▸ PROBLEM STATEMENT: Filter the entries, keeping every line with the string "chord".
##### INFORMATION #####
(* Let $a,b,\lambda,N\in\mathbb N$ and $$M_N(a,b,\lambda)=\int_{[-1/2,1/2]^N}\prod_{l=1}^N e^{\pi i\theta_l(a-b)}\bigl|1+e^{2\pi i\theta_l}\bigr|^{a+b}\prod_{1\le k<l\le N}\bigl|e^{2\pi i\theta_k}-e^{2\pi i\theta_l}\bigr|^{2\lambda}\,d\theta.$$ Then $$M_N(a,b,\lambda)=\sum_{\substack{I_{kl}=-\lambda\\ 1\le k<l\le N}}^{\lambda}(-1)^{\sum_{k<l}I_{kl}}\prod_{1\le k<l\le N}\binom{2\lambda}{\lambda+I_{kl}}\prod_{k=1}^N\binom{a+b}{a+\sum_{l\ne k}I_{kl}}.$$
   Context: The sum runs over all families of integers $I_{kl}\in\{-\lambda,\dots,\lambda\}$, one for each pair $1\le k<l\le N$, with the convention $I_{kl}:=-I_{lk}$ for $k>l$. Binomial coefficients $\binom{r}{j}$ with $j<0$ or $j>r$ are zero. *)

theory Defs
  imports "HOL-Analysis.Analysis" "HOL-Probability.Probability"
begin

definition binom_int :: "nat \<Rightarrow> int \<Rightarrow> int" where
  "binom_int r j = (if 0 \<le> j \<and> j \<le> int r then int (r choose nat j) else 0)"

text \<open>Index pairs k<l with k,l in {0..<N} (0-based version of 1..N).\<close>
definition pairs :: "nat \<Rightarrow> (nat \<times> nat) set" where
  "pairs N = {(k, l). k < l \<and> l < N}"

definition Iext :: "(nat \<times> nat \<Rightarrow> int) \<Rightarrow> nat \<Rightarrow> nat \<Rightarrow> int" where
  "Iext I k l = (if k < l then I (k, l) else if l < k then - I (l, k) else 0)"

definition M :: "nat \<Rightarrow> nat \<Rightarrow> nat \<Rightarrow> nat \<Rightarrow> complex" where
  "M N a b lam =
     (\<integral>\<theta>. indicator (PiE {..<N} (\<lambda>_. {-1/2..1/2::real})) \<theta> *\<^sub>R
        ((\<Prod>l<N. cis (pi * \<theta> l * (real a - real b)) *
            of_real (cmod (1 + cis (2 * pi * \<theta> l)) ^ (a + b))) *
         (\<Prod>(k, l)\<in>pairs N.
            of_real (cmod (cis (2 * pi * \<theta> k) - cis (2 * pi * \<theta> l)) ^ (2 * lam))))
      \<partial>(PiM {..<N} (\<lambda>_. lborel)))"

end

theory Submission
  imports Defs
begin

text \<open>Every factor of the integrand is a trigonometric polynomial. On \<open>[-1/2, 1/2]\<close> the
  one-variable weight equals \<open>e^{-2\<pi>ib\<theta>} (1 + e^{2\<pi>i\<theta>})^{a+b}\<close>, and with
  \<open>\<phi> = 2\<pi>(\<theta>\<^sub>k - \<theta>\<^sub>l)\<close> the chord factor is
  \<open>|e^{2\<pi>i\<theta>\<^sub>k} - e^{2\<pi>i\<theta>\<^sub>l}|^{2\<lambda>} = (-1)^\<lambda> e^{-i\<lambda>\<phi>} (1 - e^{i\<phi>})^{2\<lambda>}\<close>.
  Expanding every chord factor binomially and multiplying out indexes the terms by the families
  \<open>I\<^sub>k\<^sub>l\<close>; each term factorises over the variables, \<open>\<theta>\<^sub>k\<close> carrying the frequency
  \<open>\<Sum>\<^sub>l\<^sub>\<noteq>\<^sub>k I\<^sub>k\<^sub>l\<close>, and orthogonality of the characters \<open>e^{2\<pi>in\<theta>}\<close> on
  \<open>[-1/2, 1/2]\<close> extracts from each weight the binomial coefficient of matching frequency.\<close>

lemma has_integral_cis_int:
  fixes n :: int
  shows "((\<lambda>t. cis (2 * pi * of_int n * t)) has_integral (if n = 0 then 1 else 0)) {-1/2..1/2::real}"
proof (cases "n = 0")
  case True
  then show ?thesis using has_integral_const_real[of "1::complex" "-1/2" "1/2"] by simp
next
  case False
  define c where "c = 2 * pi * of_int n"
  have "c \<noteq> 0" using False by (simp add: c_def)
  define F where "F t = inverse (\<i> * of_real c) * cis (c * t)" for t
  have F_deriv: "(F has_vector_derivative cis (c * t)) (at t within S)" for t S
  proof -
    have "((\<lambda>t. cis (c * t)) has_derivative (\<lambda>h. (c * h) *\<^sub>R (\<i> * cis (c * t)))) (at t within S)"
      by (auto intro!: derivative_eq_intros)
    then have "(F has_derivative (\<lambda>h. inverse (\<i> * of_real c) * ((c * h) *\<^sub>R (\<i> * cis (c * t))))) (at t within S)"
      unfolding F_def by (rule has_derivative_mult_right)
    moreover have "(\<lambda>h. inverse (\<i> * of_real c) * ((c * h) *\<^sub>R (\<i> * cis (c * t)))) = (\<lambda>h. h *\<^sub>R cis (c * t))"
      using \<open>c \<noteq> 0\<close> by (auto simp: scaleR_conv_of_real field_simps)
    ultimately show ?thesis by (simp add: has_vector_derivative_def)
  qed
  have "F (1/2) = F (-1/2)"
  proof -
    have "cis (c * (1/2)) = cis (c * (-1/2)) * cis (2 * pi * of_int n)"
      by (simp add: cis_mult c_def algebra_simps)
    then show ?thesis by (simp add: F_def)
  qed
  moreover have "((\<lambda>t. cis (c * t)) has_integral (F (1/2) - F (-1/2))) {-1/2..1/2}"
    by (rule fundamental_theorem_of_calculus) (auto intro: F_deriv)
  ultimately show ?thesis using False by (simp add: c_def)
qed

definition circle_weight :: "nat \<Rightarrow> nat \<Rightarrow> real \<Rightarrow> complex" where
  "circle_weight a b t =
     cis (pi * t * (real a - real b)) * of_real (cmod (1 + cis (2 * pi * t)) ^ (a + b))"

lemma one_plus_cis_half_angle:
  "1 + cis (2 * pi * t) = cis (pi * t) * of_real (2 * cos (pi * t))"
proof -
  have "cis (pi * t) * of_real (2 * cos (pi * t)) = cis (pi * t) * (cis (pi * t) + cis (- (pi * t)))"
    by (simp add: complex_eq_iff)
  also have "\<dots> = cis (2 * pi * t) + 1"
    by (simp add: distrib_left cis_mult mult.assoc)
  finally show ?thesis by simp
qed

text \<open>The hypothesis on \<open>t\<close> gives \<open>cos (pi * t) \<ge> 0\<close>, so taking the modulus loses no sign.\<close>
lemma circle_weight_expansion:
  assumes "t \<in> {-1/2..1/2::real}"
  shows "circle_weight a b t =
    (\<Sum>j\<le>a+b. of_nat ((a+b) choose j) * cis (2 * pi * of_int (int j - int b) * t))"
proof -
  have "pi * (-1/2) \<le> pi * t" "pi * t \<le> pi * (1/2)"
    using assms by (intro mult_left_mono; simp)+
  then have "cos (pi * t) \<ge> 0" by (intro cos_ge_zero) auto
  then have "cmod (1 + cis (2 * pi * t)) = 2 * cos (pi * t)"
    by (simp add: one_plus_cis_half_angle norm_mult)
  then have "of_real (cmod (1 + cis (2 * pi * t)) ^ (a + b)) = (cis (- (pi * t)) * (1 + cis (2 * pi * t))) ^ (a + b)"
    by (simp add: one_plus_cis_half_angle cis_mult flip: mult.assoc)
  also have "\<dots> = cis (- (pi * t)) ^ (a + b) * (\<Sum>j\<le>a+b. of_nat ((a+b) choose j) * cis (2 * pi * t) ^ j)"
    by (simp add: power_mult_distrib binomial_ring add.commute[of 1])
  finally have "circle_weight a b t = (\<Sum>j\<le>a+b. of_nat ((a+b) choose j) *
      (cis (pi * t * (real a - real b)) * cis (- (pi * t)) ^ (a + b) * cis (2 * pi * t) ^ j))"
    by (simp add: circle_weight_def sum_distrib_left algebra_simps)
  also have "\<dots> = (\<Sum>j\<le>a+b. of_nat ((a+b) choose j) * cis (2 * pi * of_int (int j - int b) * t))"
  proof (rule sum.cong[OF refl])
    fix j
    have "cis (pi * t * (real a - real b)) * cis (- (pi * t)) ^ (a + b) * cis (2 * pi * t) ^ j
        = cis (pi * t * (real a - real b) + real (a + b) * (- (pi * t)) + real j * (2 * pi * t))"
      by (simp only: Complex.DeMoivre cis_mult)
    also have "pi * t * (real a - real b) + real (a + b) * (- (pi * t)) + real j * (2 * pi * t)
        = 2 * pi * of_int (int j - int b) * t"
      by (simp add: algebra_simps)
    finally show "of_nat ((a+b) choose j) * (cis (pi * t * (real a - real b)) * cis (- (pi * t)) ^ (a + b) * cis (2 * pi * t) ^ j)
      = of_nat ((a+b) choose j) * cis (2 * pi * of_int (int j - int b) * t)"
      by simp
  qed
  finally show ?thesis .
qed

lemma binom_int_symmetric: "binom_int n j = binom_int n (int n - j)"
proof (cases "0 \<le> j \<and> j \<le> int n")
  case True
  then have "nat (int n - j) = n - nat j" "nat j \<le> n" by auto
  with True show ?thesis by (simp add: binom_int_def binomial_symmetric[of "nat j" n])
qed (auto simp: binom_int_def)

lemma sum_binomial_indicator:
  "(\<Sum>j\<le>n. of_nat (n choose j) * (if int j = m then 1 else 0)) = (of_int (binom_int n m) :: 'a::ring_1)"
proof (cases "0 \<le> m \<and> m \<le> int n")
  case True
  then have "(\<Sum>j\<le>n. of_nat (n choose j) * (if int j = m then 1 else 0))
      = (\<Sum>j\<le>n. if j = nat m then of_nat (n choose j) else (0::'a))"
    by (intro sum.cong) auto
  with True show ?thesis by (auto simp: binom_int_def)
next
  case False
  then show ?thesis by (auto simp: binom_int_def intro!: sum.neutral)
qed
#####
▸ RESULT OF THE EXERCISE:
  \<open>\<phi> = 2\<pi>(\<theta>\<^sub>k - \<theta>\<^sub>l)\<close> the chord factor is
  Expanding every chord factor binomially and multiplying out indexes the terms by the families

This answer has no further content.